KTouch

Anne-Marie Mahfouf annemarie.mahfouf at free.fr
Fri May 4 08:24:18 UTC 2012


On 05/03/2012 12:25 PM, Sebastian Gottfried wrote:
> Hello everyone,
>
> in the last couple of months I did some work on KTouch. Because the
> changes
> are quite big by now, I published my results on github for now:
>
>    http://github.com/sebasgo/ktouch
>
> This repository is a fork of the official KTouch and my commits merge cleanly
> with the current HEAD of it's master branch of it. In the long run I really
> would like to see my changes to be incorporated into the official repository.
>
> What has begun with an experiment with QML in the context of KTouch has
> now
> culminated in a complete rewrite of KTouch. Because the old code didn't
> separate logic and UI code cleanly, it was very difficult to partially extend
> the application with new QML UI features.
>
> I've canceled this experiment very quickly and instead I've started with
> creating new entity classes for the objects KTouch is dealing with and then
> I've constructed a completely new GUI on top of these classes with QML.
>
> At this point I've a more-or-less working application again. It shares no code
> with the old application but reuses its data. My code brings a lot of changes
> and new features to KTouch, here is a quick summary:
>
> 1. New GUI
>
>   * screen shot: http://github.com/sebasgo/ktouch/wiki
>   * completely done in QML
>   * uses the new QML Plasma Components for common widgets to ensure a
>     consistent look and feel
>   * application is split into three screens:
>      * home screen: profile management + course and lesson selection
>      * training screen: that's the main attraction
>      * summary screen: here the user can review his performance after finishing
>        a lesson
>
> 2. Keyboard Layout Auto-detection
>
>   * so no need to configure this manually
>   * courses are matched to detected layout to present the user a sensible
>     choice
>
> 3. Lesson Unlocking and Extended Training Statistics
>
>   * two kind of profiles: one for beginners, one for advanced users
>   * for beginner profiles new lessons are only unlocked after mastering the
>     previous lessons by reaching specific accuracy and speed thresholds
>   * users of advanced profiles may access all lessons immediately
>   * training stats are now stored in SQLite database
>   * unfortunately incompatible with the old stats, because they are now
> tracked
>     per lesson, not per training session
>
> 4. New File Formats for Courses and Keyboard Layouts
>
>   * course format is pretty much unchanged in comparison to the old training
>     file format, but has some extensions
>   * keyboard layout format changed much more, but the new format is much
> easier
>     to understand
>   * for both there is a script under /extras to convert from the old format to
>     the new one automating what can be automated
>
> 5. Missing Features / TODO
>
>   * only very few keyboard layouts and courses are converted two the new
>     format, therefore I recommend to try out the application with a German or
>     UK keyboard layout
>   * score screen is pretty much a TODO
>   * no keyboard layout and course editor
>   * RTL support
>   * restricted portability, because keyboard layout detection depends on X
>
> There is still a lot of work left to do before this version of KTouch is in a
> releasable state.

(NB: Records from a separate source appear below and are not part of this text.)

lemma matrix_mul_adjugate: "A ** adjugate A = mat (det A)"
proof -
  have "(A ** adjugate A) $ j $ k = (if j = k then det A else 0)" for j k
  proof -
    have "(A ** adjugate A) $ j $ k
          = (\<Sum>i\<in>UNIV. det (\<chi> r. if r = k then A$j$i *s axis i 1 else row r A))"
      by (simp add: matrix_matrix_mult_def adjugate_def det_row_mul)
    also have "\<dots> = det (\<chi> r. if r = k then (\<Sum>i\<in>UNIV. A$j$i *s axis i 1) else row r A)"
      by (rule det_linear_row_sum[symmetric]) simp
    also have "(\<Sum>i\<in>UNIV. A$j$i *s axis i 1) = row j A"
      by (simp add: vec_eq_iff row_def sum_component axis_def if_distrib cong: if_cong)
    also have "det (\<chi> r. if r = k then row j A else row r A) = (if j = k then det A else 0)"
    proof (cases "j = k")
      case True
      then have "(\<chi> r. if r = k then row j A else row r A) = A" by (simp add: vec_eq_iff row_def)
      with True show ?thesis by simp
    next
      case False
      then show ?thesis
        by (simp, intro det_identical_rows[of j k]) (auto simp: row_def vec_eq_iff)
    qed
    finally show ?thesis .
  qed
  then show ?thesis by (simp add: vec_eq_iff mat_def)
qed

lemma redmat_nth [simp]: "redmat k A $ i $ j = A $ i $ j mod int k"
  by (simp add: redmat_def)

lemma redmat_mul_left: "redmat k (redmat k A ** B) = redmat k (A ** B)"
proof -
  have "[(\<Sum>l\<in>UNIV. (A$i$l mod int k) * B$l$j) = (\<Sum>l\<in>UNIV. A$i$l * B$l$j)] (mod int k)" for i j
    by (intro cong_sum cong_mult) simp_all
  then show ?thesis by (simp add: vec_eq_iff matrix_matrix_mult_def cong_def)
qed

lemma redmat_mul_right: "redmat k (A ** redmat k B) = redmat k (A ** B)"
proof -
  have "[(\<Sum>l\<in>UNIV. A$i$l * (B$l$j mod int k)) = (\<Sum>l\<in>UNIV. A$i$l * B$l$j)] (mod int k)" for i j
    by (intro cong_sum cong_mult) simp_all
  then show ?thesis by (simp add: vec_eq_iff matrix_matrix_mult_def cong_def)
qed

lemma redmat_redmat: "n dvd m \<Longrightarrow> redmat n (redmat m A) = redmat n A"
  by (simp add: vec_eq_iff mod_mod_cancel)

lemma det_redmat_cong: "[det (redmat k A) = det A] (mod int k)"
  unfolding det_def by (intro cong_sum cong_mult cong_prod) simp_all

lemma Gmod_redmat: "A \<in> Gmod k \<Longrightarrow> redmat k A = A"
  by (simp add: Gmod_def vec_eq_iff)

lemma Gmod_det_cong: "A \<in> Gmod k \<Longrightarrow> [det A = 1] (mod int k)"
  by (simp add: Gmod_def cong_def)

lemma redmat_in_Gmod: "0 < k \<Longrightarrow> [det A = 1] (mod int k) \<Longrightarrow> redmat k A \<in> Gmod k"
  using det_redmat_cong[of k A] by (simp add: Gmod_def cong_def)

lemma redmat_SLZ_in_Gmod: "0 < k \<Longrightarrow> \<gamma> \<in> SLZ \<Longrightarrow> redmat k \<gamma> \<in> Gmod k"
  by (rule redmat_in_Gmod) (auto simp: SLZ_def)

lemma redmat_Gmod_dvd: "0 < n \<Longrightarrow> n dvd m \<Longrightarrow> A \<in> Gmod m \<Longrightarrow> redmat n A \<in> Gmod n"
  by (rule redmat_in_Gmod) (auto intro: cong_dvd_modulus Gmod_det_cong)

lemma finite_Gmod: "finite (Gmod k :: (int^'d^'d) set)"
proof -
  let ?F = "PiE (UNIV :: 'd set) (\<lambda>_. PiE (UNIV :: 'd set) (\<lambda>_. {0..<int k}))"
  have "Gmod k \<subseteq> (\<lambda>f. \<chi> i j. f i j) ` ?F"
  proof
    fix A :: "int^'d^'d" assume "A \<in> Gmod k"
    then have "(\<lambda>i j. A$i$j) \<in> ?F" by (auto simp: Gmod_def)
    then show "A \<in> (\<lambda>f. \<chi> i j. f i j) ` ?F" by (intro image_eqI[of _ _ "\<lambda>i j. A$i$j"]) simp_all
  qed
  moreover have "finite ?F" by (intro finite_PiE) auto
  ultimately show ?thesis by (meson finite_imageI finite_subset)
qed

lemma mulG_closed:
  assumes "0 < k" "A \<in> Gmod k" "B \<in> Gmod k"
  shows "mulG k A B \<in> Gmod k"
proof -
  have "[det A * det B = 1 * 1] (mod int k)"
    using assms(2,3) by (intro cong_mult Gmod_det_cong)
  then show ?thesis
    unfolding mulG_def by (intro redmat_in_Gmod[OF assms(1)]) (simp add: det_mul)
qed

lemma idG_in_Gmod: "0 < k \<Longrightarrow> idG k \<in> Gmod k"
  unfolding idG_def by (rule redmat_in_Gmod) auto

lemma mulG_assoc: "mulG k (mulG k A B) C = mulG k A (mulG k B C)"
  by (simp add: mulG_def redmat_mul_left redmat_mul_right matrix_mul_assoc)

lemma mulG_idG_left: "A \<in> Gmod k \<Longrightarrow> mulG k (idG k) A = A"
  by (simp add: mulG_def idG_def redmat_mul_left Gmod_redmat)

lemma mulG_idG_right: "A \<in> Gmod k \<Longrightarrow> mulG k A (idG k) = A"
  by (simp add: mulG_def idG_def redmat_mul_right Gmod_redmat)

lemma redmat_mulG: "n dvd m \<Longrightarrow> redmat n (mulG m A B) = mulG n (redmat n A) (redmat n B)"
  by (simp add: mulG_def redmat_redmat redmat_mul_left redmat_mul_right)

lemma Gmod_right_inverse:
  assumes "0 < k" "A \<in> Gmod k"
  obtains B where "B \<in> Gmod k" "mulG k A B = idG k"
proof -
  define C where "C = adjugate A"
  have det_A: "[det A = 1] (mod int k)" using assms(2) by (rule Gmod_det_cong)
  have inv: "redmat k (A ** C) = idG k"
    unfolding idG_def C_def matrix_mul_adjugate
    using det_A by (simp add: vec_eq_iff mat_def cong_def)
  have "[det C = det A * det C] (mod int k)"
    using cong_scalar_right[OF cong_sym[OF det_A], of "det C"] by simp
  also have "det A * det C = det (A ** C)" by (simp add: det_mul)
  also have "[det (A ** C) = det (redmat k (A ** C))] (mod int k)"
    by (rule cong_sym[OF det_redmat_cong])
  also have "[det (redmat k (A ** C)) = 1] (mod int k)"
    unfolding inv idG_def using det_redmat_cong[of k "mat 1"] by simp
  finally have "redmat k C \<in> Gmod k" by (rule redmat_in_Gmod[OF assms(1)])
  moreover have "mulG k A (redmat k C) = idG k"
    unfolding mulG_def redmat_mul_right by (rule inv)
  ultimately show ?thesis by (rule that)
qed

My main question if there is interest to integrate my
> version of KTouch back into the KDE development infrastructure and the KDE
> Edu
> project.
>
> As far as I know the KTouch project is currently practically unmaintained. I'm
> obviously willing to complete and maintain my version of KTouch and I really
> would like see it become part of the KDE Edu project.
>
> Cheers,
>
> Sebastian Gottfried
>
Hi Sebastian,

First, thanks for your interest in KTouch. KTouch is a very popular 
application and is present in KDE Edu since the beginning, it has been a 
well-known app since a long time and has a very large user-base. The 
code thus was getting old as you mentioned and it's a very good thing to 
have new fresh code.

KDE will soon release 4.9 and thus we have time to consider things for 
"after 4.9" as the KDE community does not know right now if there will 
be a 4.10 or if we move to the new kdelibs frameworks (as far as I know).

I personally think we should  move to your code after 4.9 (and work on 
it in between):
- the code is modern, especially the separation logic/UI
- you will maintain it
- we have time to sort out problems

Problem to solve:
- as Laszlo mentioned, relying on Plasma components is maybe not the 
best choice. The KDE community has no global solutions for QML 
components outside Plasma. I tried to raise this problem a few times 
inside the KDE project but went nowhere. I'll poll other KDE sub 
projects to see what they use and what is the best approach in the long 
time and in term of portability. Calligra does not use QML for desktop 
so far, not sure what KDE Games will do. In KDE Edu we use self-made 
components in KHangMan and Kanagram. The question so far as I see it is: 
will each app make it's own QML components or will we have a set of 
ready-made QML components already available (like the Plasma ones but 
not relying on Plasma). Could KDE Edu start such a set?